Observability Overview | Kubernetes Documentation

On This Page

Why Observability
The Three Pillars
Kubernetes Observability Layers
OpenTelemetry
Signal Correlation
Tooling Landscape
Instrumentation Strategy
SLOs, SLIs, and Error Budgets
Observability Cost Management
Section Guide

Coverage Checklist

Why observability: MTTR, cardinality, unknown unknowns
Three pillars: metrics, logs, traces
Fourth signal: events
Kubernetes observability layers: infra/platform/workload/app
OpenTelemetry: OTel SDK, Collector, OTLP protocol
OTel Collector pipeline: receivers/processors/exporters
Signal correlation: exemplars, trace ID in logs
Tooling landscape: Prometheus, Loki, Tempo, Jaeger, Grafana
PLG stack vs LGTM stack vs vendor solutions
Instrumentation strategy: auto vs manual
SLIs, SLOs, error budgets, burn rate alerts
Observability cost: cardinality explosion, sampling, retention
Section guide with links to detail pages

Why Observability

Monitoring asks "is this thing healthy?" — a binary answer based on known failure modes. Observability asks "why is this behaving this way?" — allowing exploration of unknown unknowns without deploying new instrumentation.

Reduce MTTR

The primary value of observability is reducing mean time to recovery. Correlated signals (metrics → logs → traces) let engineers identify root cause in minutes instead of hours of blind kubectl commands.

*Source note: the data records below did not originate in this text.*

(* Let $u,v>0$ and $0<a\le 1$, and consider the map $(x,y)\mapsto\big((1-a)x+auy(1-y),\ (1-a)y+avx(1-x)\big)$ (Kopel's map with $b=a$). Define $R_1=u^2v^2-4u^2v-4uv^2+18uv-27$ and $H_3=a^3u^3v^3-4a^3u^3v^2-4a^3u^2v^3+17a^3u^2v^2+4a^3u^2v+4a^3uv^2-2a^2u^2v^2-45a^3uv+8a^2u^2v+8a^2uv^2-36a^2uv+27a^3-4auv+54a^2+36a+8$. If either ($uv>1$, $R_1<0$, $H_3>0$) or ($uv>1$, $R_1>0$, $H_3<0$), then the map has exactly one locally stable positive equilibrium.
   Context: An equilibrium is a real fixed point $(x^*,y^* )$; it is positive if $x^*,y^*>0$. It is called (locally) stable if both eigenvalues of the Jacobian $\begin{pmatrix}1-a & ua(1-2y^* )\\ va(1-2x^* ) & 1-a\end{pmatrix}$ at it have modulus less than $1$, equivalently the Jury conditions $1-\mathrm{Tr}(J)+\mathrm{Det}(J)>0$, $1+\mathrm{Tr}(J)+\mathrm{Det}(J)>0$, $1-\mathrm{Det}(J)>0$ hold. *)

theory Defs
  imports Complex_Main
begin

definition kopel :: "real \<Rightarrow> real \<Rightarrow> real \<Rightarrow> real \<times> real \<Rightarrow> real \<times> real" where
  "kopel u v a p = (case p of (x, y) \<Rightarrow>
     ((1 - a) * x + a * u * y * (1 - y), (1 - a) * y + a * v * x * (1 - x)))"

definition is_equilibrium :: "real \<Rightarrow> real \<Rightarrow> real \<Rightarrow> real \<times> real \<Rightarrow> bool" where
  "is_equilibrium u v a p \<longleftrightarrow> kopel u v a p = p"

definition positive_point :: "real \<times> real \<Rightarrow> bool" where
  "positive_point p \<longleftrightarrow> fst p > 0 \<and> snd p > 0"

text \<open>Jacobian entries at (x,y): J = [[j11, j12],[j21, j22]].\<close>
definition jac :: "real \<Rightarrow> real \<Rightarrow> real \<Rightarrow> real \<times> real \<Rightarrow> real \<times> real \<times> real \<times> real" where
  "jac u v a p = (case p of (x, y) \<Rightarrow>
     (1 - a, u * a * (1 - 2 * y), v * a * (1 - 2 * x), 1 - a))"

definition is_eigenvalue :: "real \<Rightarrow> real \<Rightarrow> real \<Rightarrow> real \<times> real \<Rightarrow> complex \<Rightarrow> bool" where
  "is_eigenvalue u v a p lam \<longleftrightarrow> (case jac u v a p of (j11, j12, j21, j22) \<Rightarrow>
     (of_real j11 - lam) * (of_real j22 - lam) - of_real j12 * of_real j21 = 0)"

definition locally_stable :: "real \<Rightarrow> real \<Rightarrow> real \<Rightarrow> real \<times> real \<Rightarrow> bool" where
  "locally_stable u v a p \<longleftrightarrow> (\<forall>lam. is_eigenvalue u v a p lam \<longrightarrow> cmod lam < 1)"

definition R1 :: "real \<Rightarrow> real \<Rightarrow> real" where
  "R1 u v = u^2*v^2 - 4*u^2*v - 4*u*v^2 + 18*u*v - 27"

definition H3 :: "real \<Rightarrow> real \<Rightarrow> real \<Rightarrow> real" where
  "H3 u v a = a^3*u^3*v^3 - 4*a^3*u^3*v^2 - 4*a^3*u^2*v^3 + 17*a^3*u^2*v^2
     + 4*a^3*u^2*v + 4*a^3*u*v^2 - 2*a^2*u^2*v^2 - 45*a^3*u*v + 8*a^2*u^2*v
     + 8*a^2*u*v^2 - 36*a^2*u*v + 27*a^3 - 4*a*u*v + 54*a^2 + 36*a + 8"

end

theory Submission
  imports Defs
begin

(*
  Put s = 1 - 2x.  The positive equilibria are the points (x, v x (1 - x)) for which s is a
  root of the cubic f(s) = u v (1 + s) (4 - v + v s^2) - 8, and when u v > 1 every real root
  lies in (-1, 1).  The Jacobian has equal diagonal entries, so by the Jury conditions an
  equilibrium is stable iff P = u v (1 - 2x) (1 - 2y) satisfies 1 - 2/a < P < 1; at a root
  these two conditions are the signs of f'(s) and of a polynomial G(s).  Up to positive
  factors R1 is the discriminant of f, and H3 is the resultant of f and G, i.e. the product
  of G over the three roots of f.
  If R1 < 0, f has a single real root, f' > 0 there, and the two complex roots contribute a
  nonnegative factor to H3, so H3 > 0 forces G > 0 at the real root.  If R1 > 0, f has three
  simple real roots, the product of f' over them is negative, G > 0 at each root where
  f' < 0, and H3 < 0 leaves exactly one root with f' > 0 and G > 0.
*)

lemma ex1_among_three_by_signs:
  fixes d g :: "real \<Rightarrow> real"
  assumes d: "d s1 * d s2 * d s3 < 0" and g: "g s1 * g s2 * g s3 < 0"
    and neg: "\<And>s. s \<in> {s1, s2, s3} \<Longrightarrow> d s < 0 \<Longrightarrow> g s > 0"
  shows "\<exists>!s. s \<in> {s1, s2, s3} \<and> d s > 0 \<and> g s > 0"
proof (rule ex_ex1I)
  show "\<exists>s. s \<in> {s1, s2, s3} \<and> d s > 0 \<and> g s > 0"
  proof (rule ccontr)
    assume none: "\<not> ?thesis"
    have "d s * g s < 0" if s: "s \<in> {s1, s2, s3}" for s
    proof -
      have "d s \<noteq> 0" "g s \<noteq> 0" using s d g by auto
      moreover have "\<not> (d s > 0 \<and> g s > 0)" using s none by blast
      ultimately consider "d s < 0" "g s > 0" | "d s > 0" "g s < 0"
        using neg[OF s] by linarith
      then show ?thesis by cases (simp_all add: mult_neg_pos mult_pos_neg)
    qed
    then have "(d s1 * g s1) * (d s2 * g s2) * (d s3 * g s3) < 0"
      by (simp add: mult_less_0_iff zero_less_mult_iff)
    moreover have "(d s1 * d s2 * d s3) * (g s1 * g s2 * g s3) > 0"
      using d g by (rule mult_neg_neg)
    ultimately show False by (simp add: algebra_simps)
  qed
next
  fix s t
  assume s: "s \<in> {s1, s2, s3} \<and> d s > 0 \<and> g s > 0" and t: "t \<in> {s1, s2, s3} \<and> d t > 0 \<and> g t > 0"
  show "s = t"
  proof (rule ccontr)
    assume "s \<noteq> t"
    then have "\<exists>r \<in> {s1, s2, s3}.
        d s * d t * d r = d s1 * d s2 * d s3 \<and> g s * g t * g r = g s1 * g s2 * g s3"
      using s t by (auto simp: ac_simps)
    then obtain r where r: "r \<in> {s1, s2, s3}"
      and "d s * d t * d r = d s1 * d s2 * d s3" "g s * g t * g r = g s1 * g s2 * g s3"
      by blast
    then have "d s * d t * d r < 0" "g s * g t * g r < 0" using d g by simp_all
    moreover have "d s * d t > 0" "g s * g t > 0" using s t by simp_all
    ultimately have "d r < 0" "g r < 0" by (meson mult_less_0_iff order_less_asym)+
    then show False using neg[OF r] by simp
  qed
qed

Understand Distributed Systems

Kubernetes workloads are inherently distributed. A latency spike in one service may be caused by a slow database, a noisy neighbor, a GC pause, or network congestion — only traces reveal the actual causal chain.

Capacity and Cost Planning

Historical metrics enable right-sizing (CPU/memory requests), predicting when the next node is needed, and identifying expensive operations before they impact SLOs.

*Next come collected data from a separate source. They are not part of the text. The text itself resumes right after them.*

(* Let $f\colon X\to Y$ be a morphism in a pre-Hilbert $*$-category. The following are equivalent: (i) $f$ is strictly contractive; (ii) $f$ has a codilation $(S,s_1,s_2)$ that is a coproduct (i.e. $(S,s_1,s_2)$ is a coproduct of $X$ and $Y$); (iii) $\begin{bmatrix}1 & f^*\\ f & 1\end{bmatrix}\succ 0$ as an endomorphism of $X\oplus Y$. Furthermore, if these equivalent conditions hold, then any codilation $(S,s_1,s_2)$ of $f$ that is a coproduct is a codilator of $f$.
   Context: A $*$-category is a category with a choice of $f^*\colon Y\to X$ for each $f\colon X\to Y$ such that $1^*=1$, $(gf)^*=f^*g^*$, $(f^* )^*=f$; $f$ is an isometry if $f^*f=1$. A pre-Hilbert $*$-category is a $*$-category with (R1) a zero object, (R2) orthonormal biproducts of all pairs of objects (biproducts $(X,s_1,r_1,s_2,r_2)$ with $r_k=s_k^*$; matrices of morphisms between biproducts are taken with respect to these), (R3) an isometric kernel for every morphism, and (R4) every diagonal $\Delta\colon X\to X\oplus X$ a kernel of some morphism. Such a category is additive. For Hermitian endomorphisms $a,b$ of $A$, $a\leq b$ means $b-a=y^*y$ for some $y\colon A\to Y$; $a\prec b$ (equivalently $b\succ a$) means $a\leq b$ and $b-a$ is invertible. A morphism $f$ is strictly contractive if $f^*f\prec 1$. A codilation of $f\colon X\to Y$ is a cospan $(T,t_1,t_2)$ with $t_1\colon X\to T$, $t_2\colon Y\to T$ isometries and $t_2^*t_1=f$. A codilator of $f$ is a codilation $(S,s_1,s_2)$ such that for every codilation $(T,t_1,t_2)$ of $f$ there is a unique isometry $t\colon S\to T$ with $ts_1=t_1$ and $ts_2=t_2$. *)

theory Defs
  imports Main
begin

text \<open>A (possibly large) category with a chosen involution, given by explicit data.
  Objects have type 'o, morphisms type 'm; cp g f is the composite g o f.\<close>

record ('o, 'm) scat =
  Ob  :: "'o set"
  Ar  :: "'m set"
  dom :: "'m \<Rightarrow> 'o"
  cod :: "'m \<Rightarrow> 'o"
  cp  :: "'m \<Rightarrow> 'm \<Rightarrow> 'm"
  idt :: "'o \<Rightarrow> 'm"
  str :: "'m \<Rightarrow> 'm"

definition hom :: "('o, 'm) scat \<Rightarrow> 'o \<Rightarrow> 'o \<Rightarrow> 'm set" where
  "hom C X Y = {f \<in> Ar C. dom C f = X \<and> cod C f = Y}"

definition is_category :: "('o, 'm) scat \<Rightarrow> bool" where
  "is_category C \<longleftrightarrow>
     (\<forall>f \<in> Ar C. dom C f \<in> Ob C \<and> cod C f \<in> Ob C) \<and>
     (\<forall>X \<in> Ob C. idt C X \<in> hom C X X) \<and>
     (\<forall>X Y Z f g. f \<in> hom C X Y \<and> g \<in> hom C Y Z \<longrightarrow> cp C g f \<in> hom C X Z) \<and>
     (\<forall>X Y f. f \<in> hom C X Y \<longrightarrow> cp C f (idt C X) = f \<and> cp C (idt C Y) f = f) \<and>
     (\<forall>W X Y Z f g h. f \<in> hom C W X \<and> g \<in> hom C X Y \<and> h \<in> hom C Y Z \<longrightarrow>
        cp C h (cp C g f) = cp C (cp C h g) f)"

definition is_star_category :: "('o, 'm) scat \<Rightarrow> bool" where
  "is_star_category C \<longleftrightarrow> is_category C \<and>
     (\<forall>X Y f. f \<in> hom C X Y \<longrightarrow> str C f \<in> hom C Y X) \<and>
     (\<forall>X \<in> Ob C. str C (idt C X) = idt C X) \<and>
     (\<forall>X Y Z f g. f \<in> hom C X Y \<and> g \<in> hom C Y Z \<longrightarrow>
        str C (cp C g f) = cp C (str C f) (str C g)) \<and>
     (\<forall>f \<in> Ar C. str C (str C f) = f)"

definition isometry :: "('o, 'm) scat \<Rightarrow> 'm \<Rightarrow> bool" where
  "isometry C f \<longleftrightarrow> f \<in> Ar C \<and> cp C (str C f) f = idt C (dom C f)"

definition invertible :: "('o, 'm) scat \<Rightarrow> 'm \<Rightarrow> bool" where
  "invertible C f \<longleftrightarrow> f \<in> Ar C \<and>
     (\<exists>g \<in> hom C (cod C f) (dom C f). cp C g f = idt C (dom C f) \<and> cp C f g = idt C (cod C f))"

definition hermitian :: "('o, 'm) scat \<Rightarrow> 'm \<Rightarrow> bool" where
  "hermitian C a \<longleftrightarrow> a \<in> hom C (dom C a) (dom C a) \<and> str C a = a"

definition zero_obj :: "('o, 'm) scat \<Rightarrow> 'o \<Rightarrow> bool" where
  "zero_obj C Z \<longleftrightarrow> Z \<in> Ob C \<and>
     (\<forall>X \<in> Ob C. (\<exists>!f. f \<in> hom C X Z) \<and> (\<exists>!f. f \<in> hom C Z X))"

definition is_zero :: "('o, 'm) scat \<Rightarrow> 'm \<Rightarrow> bool" where
  "is_zero C f \<longleftrightarrow> (\<exists>Z a b. zero_obj C Z \<and> a \<in> hom C (dom C f) Z \<and>
      b \<in> hom C Z (cod C f) \<and> f = cp C b a)"

definition zero :: "('o, 'm) scat \<Rightarrow> 'o \<Rightarrow> 'o \<Rightarrow> 'm" where
  "zero C X Y = (THE z. z \<in> hom C X Y \<and> is_zero C z)"

definition is_product :: "('o, 'm) scat \<Rightarrow> 'o \<Rightarrow> 'o \<Rightarrow> 'o \<Rightarrow> 'm \<Rightarrow> 'm \<Rightarrow> bool" where
  "is_product C A B P r1 r2 \<longleftrightarrow> P \<in> Ob C \<and> r1 \<in> hom C P A \<and> r2 \<in> hom C P B \<and>
     (\<forall>Z g1 g2. g1 \<in> hom C Z A \<and> g2 \<in> hom C Z B \<longrightarrow>
        (\<exists>!h. h \<in> hom C Z P \<and> cp C r1 h = g1 \<and> cp C r2 h = g2))"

Kubernetes Adds Complexity

Ephemeral pods, dynamic IPs, rolling deployments, and auto-scaling make traditional host-based monitoring insufficient. Observability must work at the workload level, not the instance level.

Observability vs Monitoring

Monitoring is checking for known failure states (is memory > 90%?). Observability is the ability to ask arbitrary questions about system behavior using the data it emits — without deploying new code. In practice, you need both: monitoring for alerting on known-bad states, observability for investigating unknown causes.

The Three Pillars

📊

Metrics

Numeric measurements over time. Aggregated, low-cardinality, cheap to store. Best for alerting on trends, capacity, and SLO burn rate.

📋

Logs

Timestamped, structured or unstructured text events. High fidelity, high volume. Best for debugging specific incidents and auditing.

🔗

Traces

Distributed call graphs with timing. Shows the path of a single request across all services. Best for understanding latency and service dependencies.

Signal Comparison

Property	Metrics	Logs	Traces
Granularity	Aggregated (counters, gauges, histograms)	Per-event	Per-request
Cardinality	Low (by design)	Very high	High (per trace ID)
Storage cost	Low	High	Medium (with sampling)
Query pattern	Aggregations, rate/range queries	Full-text search, filter	Trace ID lookup, service dependency maps
Best for	Alerting, dashboards, SLOs	Debugging, auditing, context	Latency analysis, dependency mapping
Kubernetes source	cAdvisor, kube-state-metrics, app /metrics	stdout/stderr → log collector	App instrumentation (OTel SDK)

The Fourth Signal: Events

Kubernetes Events are a native signal type — structured records of state changes in the cluster (pod scheduled, container crashed, image pulled, node pressure). They are often overlooked but are invaluable for correlating infrastructure changes with application symptoms. See Kubernetes Events for the full treatment.

Kubernetes Observability Layers

Observability in Kubernetes spans four distinct layers, each with different data sources, tooling, and ownership.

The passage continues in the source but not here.